Notably, the incidence rate of cancer cachexia significantly varies among different tumor types, likely because of primary tumor characteristics and specific therapeutic interventions. This variability highlights the importance of the precise elucidation of the distinct molecular pathogenesis characterizing each tumor subtype when developing targeted therapeutic strategies. Our analysis also revealed a significant discrepancy between preclinical and clinical outcomes for certain treatments. While these treatments have shown promise in preclinical models, their efficacy has been markedly reduced in clinical settings. This suggests that current preclinical models may lack the complexity required to fully recapitulate human diseases, limiting the translation of preclinical findings to clinical practice. Therefore, there is an urgent need to develop more sophisticated preclinical models that better mimic human physiopathology. This could involve the use of advanced tissue engineering techniques, such as organoids or patient-derived xenografts, to create more physiologically relevant models. Additionally, incorporating immune components and the TME into these models may further increase their value for clinical translation.

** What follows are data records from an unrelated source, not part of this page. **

(* Let $G$ be a Nash equilibrium graph of the sum network creation game with $n$ players and $H\subseteq G$ a non-trivial $2$-edge-connected component, with $g(G)>14$. Then every $2$-path $\pi=u_0-u_1-\dots-u_k$ in $H$ with $k\ge 5$, oriented so that each $u_i$ ($0\le i<k$) has bought the link $(u_i,u_{i+1})$, satisfies $$D(u_5)-D(u_0)\ge 2n-(U_1+U_2+U_3+U_4).$$
   Context: Sum network creation game: players $V=\{1,\dots,n\}$, parameter $\alpha>0$; a strategy of $u$ is $s_u\subseteq V\setminus\{u\}$; $G_s$ has an edge $uv$ whenever $v\in s_u$ or $u\in s_v$, regarded as a digraph with arc $(u,v)$ when $v\in s_u$; the cost of $u$ is $\alpha|s_u|+\sum_{v\ne u}d_{G_s}(u,v)$. A Nash equilibrium graph is $G_s$ for $s$ from which no player can strictly lower his cost unilaterally. $D(u)=\sum_{v\ne u}d_G(u,v)$. A $2$-edge-connected component $H$ is a maximal bridgeless subgraph; non-trivial means at least $3$ vertices. For $u\in V(H)$, $T(u)$ is the connected component containing $u$ of the subgraph induced by $(V(G)\setminus V(H))\cup\{u\}$, and $U_i=|T(u_i)|$. A $2$-path in $H$ is a path $u_0-\dots-u_k$ in $H$ with $deg^-_H(u_i)=deg^+_H(u_i)=1$ for $0<i<k$ (degrees counted over arcs inside $H$). $g(G)$ denotes the girth of $G$. *)

theory Defs
  imports Main "HOL-Library.Extended_Real"
begin

definition reachable :: "(nat \<Rightarrow> nat \<Rightarrow> bool) \<Rightarrow> nat \<Rightarrow> nat \<Rightarrow> bool" where
  "reachable E a b \<longleftrightarrow> E\<^sup>*\<^sup>* a b"

definition walk_of_len :: "(nat \<Rightarrow> nat \<Rightarrow> bool) \<Rightarrow> nat \<Rightarrow> nat \<Rightarrow> nat \<Rightarrow> bool" where
  "walk_of_len E k u v \<longleftrightarrow>
     (\<exists>p :: nat \<Rightarrow> nat. p 0 = u \<and> p k = v \<and> (\<forall>i<k. E (p i) (p (Suc i))))"

text \<open>Graph distance (only meaningful for reachable pairs).\<close>
definition gdist :: "(nat \<Rightarrow> nat \<Rightarrow> bool) \<Rightarrow> nat \<Rightarrow> nat \<Rightarrow> nat" where
  "gdist E u v = (LEAST k. walk_of_len E k u v)"

definition has_cycle_len :: "(nat \<Rightarrow> nat \<Rightarrow> bool) \<Rightarrow> nat \<Rightarrow> bool" where
  "has_cycle_len E L \<longleftrightarrow> L \<ge> 3 \<and>
     (\<exists>c :: nat \<Rightarrow> nat. inj_on c {0..<L} \<and> (\<forall>i<L. E (c i) (c (Suc i mod L))))"

definition girth :: "(nat \<Rightarrow> nat \<Rightarrow> bool) \<Rightarrow> enat" where
  "girth E = Inf {enat L | L. has_cycle_len E L}"

definition strategy_profile :: "nat \<Rightarrow> (nat \<Rightarrow> nat set) \<Rightarrow> bool" where
  "strategy_profile n s \<longleftrightarrow> (\<forall>u\<in>{1..n}. s u \<subseteq> {1..n} - {u})"

definition Gs :: "nat \<Rightarrow> (nat \<Rightarrow> nat set) \<Rightarrow> nat \<Rightarrow> nat \<Rightarrow> bool" where
  "Gs n s x y \<longleftrightarrow> x \<in> {1..n} \<and> y \<in> {1..n} \<and> x \<noteq> y \<and> (y \<in> s x \<or> x \<in> s y)"

definition cost :: "nat \<Rightarrow> real \<Rightarrow> (nat \<Rightarrow> nat set) \<Rightarrow> nat \<Rightarrow> ereal" where
  "cost n \<alpha> s u =
     (if \<forall>v\<in>{1..n}. reachable (Gs n s) u v
      then ereal (\<alpha> * real (card (s u)) + (\<Sum>v\<in>{1..n} - {u}. real (gdist (Gs n s) u v)))
      else \<infinity>)"

definition nash_equilibrium :: "nat \<Rightarrow> real \<Rightarrow> (nat \<Rightarrow> nat set) \<Rightarrow> bool" where
  "nash_equilibrium n \<alpha> s \<longleftrightarrow> strategy_profile n s \<and>
     (\<forall>u\<in>{1..n}. \<forall>s'. s' \<subseteq> {1..n} - {u} \<longrightarrow> cost n \<alpha> s u \<le> cost n \<alpha> (s(u := s')) u)"

definition Dsum :: "nat \<Rightarrow> (nat \<Rightarrow> nat \<Rightarrow> bool) \<Rightarrow> nat \<Rightarrow> nat" where
  "Dsum n E u = (\<Sum>v\<in>{1..n} - {u}. gdist E u v)"

definition subgraph :: "nat set \<Rightarrow> (nat \<Rightarrow> nat \<Rightarrow> bool) \<Rightarrow> nat set \<Rightarrow> (nat \<Rightarrow> nat \<Rightarrow> bool) \<Rightarrow> bool" where
  "subgraph W F V E \<longleftrightarrow> W \<subseteq> V \<and> (\<forall>x y. F x y \<longrightarrow> x \<in> W \<and> y \<in> W \<and> E x y) \<and> (\<forall>x y. F x y \<longrightarrow> F y x)"

definition connected_sg :: "nat set \<Rightarrow> (nat \<Rightarrow> nat \<Rightarrow> bool) \<Rightarrow> bool" where
  "connected_sg W F \<longleftrightarrow> W \<noteq> {} \<and> (\<forall>a\<in>W. \<forall>b\<in>W. reachable F a b)"

definition bridgeless_sg :: "nat set \<Rightarrow> (nat \<Rightarrow> nat \<Rightarrow> bool) \<Rightarrow> bool" where
  "bridgeless_sg W F \<longleftrightarrow> connected_sg W F \<and>
     (\<forall>x y. F x y \<longrightarrow> connected_sg W (\<lambda>a b. F a b \<and> {a, b} \<noteq> {x, y}))"

definition two_ec_component :: "nat set \<Rightarrow> (nat \<Rightarrow> nat \<Rightarrow> bool) \<Rightarrow> nat set \<Rightarrow> (nat \<Rightarrow> nat \<Rightarrow> bool) \<Rightarrow> bool" where
  "two_ec_component V E W F \<longleftrightarrow> subgraph W F V E \<and> bridgeless_sg W F \<and>
     \<not> (\<exists>W' F'. subgraph W' F' V E \<and> bridgeless_sg W' F' \<and> W \<subseteq> W' \<and> F \<le> F' \<and> (W, F) \<noteq> (W', F'))"

definition Tset :: "nat set \<Rightarrow> (nat \<Rightarrow> nat \<Rightarrow> bool) \<Rightarrow> nat set \<Rightarrow> nat \<Rightarrow> nat set" where
  "Tset V E W u = {v. reachable (\<lambda>x y. E x y \<and> x \<in> (V - W) \<union> {u} \<and> y \<in> (V - W) \<union> {u}) u v}"

definition outdeg_H :: "(nat \<Rightarrow> nat set) \<Rightarrow> nat set \<Rightarrow> (nat \<Rightarrow> nat \<Rightarrow> bool) \<Rightarrow> nat \<Rightarrow> nat" where
  "outdeg_H s W F u = card {v\<in>W. F u v \<and> v \<in> s u}"

definition indeg_H :: "(nat \<Rightarrow> nat set) \<Rightarrow> nat set \<Rightarrow> (nat \<Rightarrow> nat \<Rightarrow> bool) \<Rightarrow> nat \<Rightarrow> nat" where
  "indeg_H s W F u = card {v\<in>W. F u v \<and> u \<in> s v}"

definition two_path :: "(nat \<Rightarrow> nat set) \<Rightarrow> nat set \<Rightarrow> (nat \<Rightarrow> nat \<Rightarrow> bool) \<Rightarrow> (nat \<Rightarrow> nat) \<Rightarrow> nat \<Rightarrow> bool" where
  "two_path s W F u k \<longleftrightarrow>
     inj_on u {0..k} \<and> (\<forall>i\<le>k. u i \<in> W) \<and> (\<forall>i<k. F (u i) (u (Suc i))) \<and>
     (\<forall>i. 0 < i \<and> i < k \<longrightarrow> indeg_H s W F (u i) = 1 \<and> outdeg_H s W F (u i) = 1)"

end

theory Submission
  imports Defs
begin

text \<open>
  Maximality of the 2-edge-connected component H makes every vertex outside H hang off a unique
  root in H, and forces the interior vertices u 1, ..., u 4 of the 2-path to have no neighbours
  in H besides their path neighbours. Hence for v outside T(u i) a shortest path from u i to v
  leaves through u (i-1) or u (i+1), so d(u i, v) = 1 + min (d(u (i-1), v), d(u (i+1), v)); and
  since the girth exceeds 14, u 0, ..., u 5 is a geodesic.

  In equilibrium u j cannot profit by swapping its link to u (j+1) for one to u (j+2). Vertices of
  T(u (j+1)) get at most one step farther from u j, vertices strictly closer to u (j+1) than to
  u j get one step nearer, and all others keep their distance; so the net count of these
  changes is nonnegative for j = 0, ..., 3. Adding these four inequalities to a per-vertex
  inequality, which follows from the min-recurrence above when v lies in no T(u i) and from the
  geodesic otherwise, gives the bound.
\<close>

section \<open>Walks and graph distance\<close>

lemma walk_of_len_0: "walk_of_len E 0 u u"
  unfolding walk_of_len_def by (rule exI[of _ "\<lambda>_. u"]) simp

lemma walk_of_len_edge: "E u v \<Longrightarrow> walk_of_len E 1 u v"
  unfolding walk_of_len_def by (rule exI[of _ "\<lambda>i. if i = 0 then u else v"]) simp

lemma walk_of_len_along:
  assumes "\<And>i. i < m \<Longrightarrow> E (p i) (p (Suc i))"
  shows "walk_of_len E m (p 0) (p m)"
  using assms unfolding walk_of_len_def by blast

lemma walk_of_len_append:
  assumes "walk_of_len E a u v" "walk_of_len E b v w"
  shows "walk_of_len E (a + b) u w"
proof -
  obtain p q where p: "p 0 = u" "p a = v" "\<forall>i<a. E (p i) (p (Suc i))"
    and q: "q 0 = v" "q b = w" "\<forall>i<b. E (q i) (q (Suc i))"
    using assms unfolding walk_of_len_def by blast
  define r where "r i = (if i \<le> a then p i else q (i - a))" for i
  have "E (r i) (r (Suc i))" if "i < a + b" for i
  proof (cases "i < a")
    case False
    then have "i - a < b" "Suc i - a = Suc (i - a)" using that by auto
    then show ?thesis using p q False by (cases "i = a") (auto simp: r_def)
  qed (use p in \<open>simp add: r_def\<close>)
  moreover have "r 0 = u" "r (a + b) = w" using p q by (auto simp: r_def)
  ultimately show ?thesis unfolding walk_of_len_def by metis
qed

lemma walk_of_len_rev:
  assumes "symp E" "walk_of_len E k u v"
  shows "walk_of_len E k v u"
proof -
  obtain p where p: "p 0 = u" "p k = v" "\<forall>i<k. E (p i) (p (Suc i))"
    using assms(2) unfolding walk_of_len_def by blast
  have "E (p (k - i)) (p (k - Suc i))" if "i < k" for i
    using p(3)[rule_format, of "k - Suc i"] that sympD[OF assms(1)] by (simp add: Suc_diff_Suc)
  then show ?thesis unfolding walk_of_len_def using p by (intro exI[of _ "\<lambda>i. p (k - i)"]) auto
qed

lemma walk_of_len_mono: "E \<le> E' \<Longrightarrow> walk_of_len E k u v \<Longrightarrow> walk_of_len E' k u v"
  unfolding walk_of_len_def by blast

lemma walk_of_len_prefix:
  "\<forall>i<L. E (p i) (p (Suc i)) \<Longrightarrow> t \<le> L \<Longrightarrow> walk_of_len E t (p 0) (p t)"
  unfolding walk_of_len_def by (intro exI[of _ p]) auto

lemma walk_of_len_suffix:
  "\<forall>i<L. E (p i) (p (Suc i)) \<Longrightarrow> t \<le> L \<Longrightarrow> walk_of_len E (L - t) (p t) (p L)"
  unfolding walk_of_len_def by (intro exI[of _ "\<lambda>i. p (t + i)"]) auto

lemma rtranclp_along:
  "(\<And>j. a \<le> j \<Longrightarrow> j < b \<Longrightarrow> R (p j) (p (Suc j))) \<Longrightarrow> a \<le> b \<Longrightarrow> R\<^sup>*\<^sup>* (p a) (p b)"
proof (induction b)
  case (Suc b)
  then show ?case by (cases "a = Suc b") (auto intro: rtranclp.rtrancl_into_rtrancl)
qed simp

lemma reachable_iff_walk_of_len: "reachable E u v \<longleftrightarrow> (\<exists>k. walk_of_len E k u v)"
proof
  assume "reachable E u v"
  then show "\<exists>k. walk_of_len E k u v"
    unfolding reachable_def
  proof (induction rule: rtranclp_induct)
    case (step y z)
    then show ?case using walk_of_len_append walk_of_len_edge by blast
  qed (use walk_of_len_0 in blast)
next
  assume "\<exists>k. walk_of_len E k u v"
  then obtain k p where "p 0 = u" "p k = v" "\<forall>i<k. E (p i) (p (Suc i))"
    unfolding walk_of_len_def by blast
  then show "reachable E u v"
    unfolding reachable_def using rtranclp_along[of 0 k E p] by simp
qed

lemma gdist_le: "walk_of_len E k u v \<Longrightarrow> gdist E u v \<le> k"
  unfolding gdist_def by (rule Least_le)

Current treatment strategies for cancer cachexia primarily focus on a multifaceted approach that includes nutritional support, anti-inflammatory therapies, immunotherapy, exercise therapy, and psychological interventions. Studies have revealed that metabolic dysregulation in cancer cachexia patients is closely associated with epigenetic mechanisms such as DNA methylation and histone modifications.523 Specific epigenetic changes may lead to an imbalance in muscle synthesis and degradation.524 Recent studies have reported that ncRNAs, such as microRNAs, long noncoding RNAs (lncRNAs), and circular RNAs (circRNAs), play a significant role in cancer cachexia.525,526 For example, Shi et al. reported that circANAPC7, via the CREB-miR-373-PHLPP2 axis, suppressed tumor growth and muscle wasting in pancreatic cancer.526 Therefore, the development of targeted drugs and therapies aimed at epigenetic markers, particularly demethylation agents, holds promise for breakthroughs in the treatment of cancer cachexia.

Overall, the detailed mechanisms of cachexia are complex. Although several causes have been identified and related drugs have been developed, only a very limited number of emerging drugs and other intervention strategies for cancer cachexia exist. Since research aimed at identifying the systematic mechanisms of cancer cachexia is far from saturated, additional studies on this topic are likely to contribute to a more comprehensive understanding of cancer cachexia progression. Overall, a more systematic integration of immunologic and metabolomics approaches, together with the utilization of optimal animal models to mimic the cachectic state, is necessary to uncover novel targets of cancer cachexia.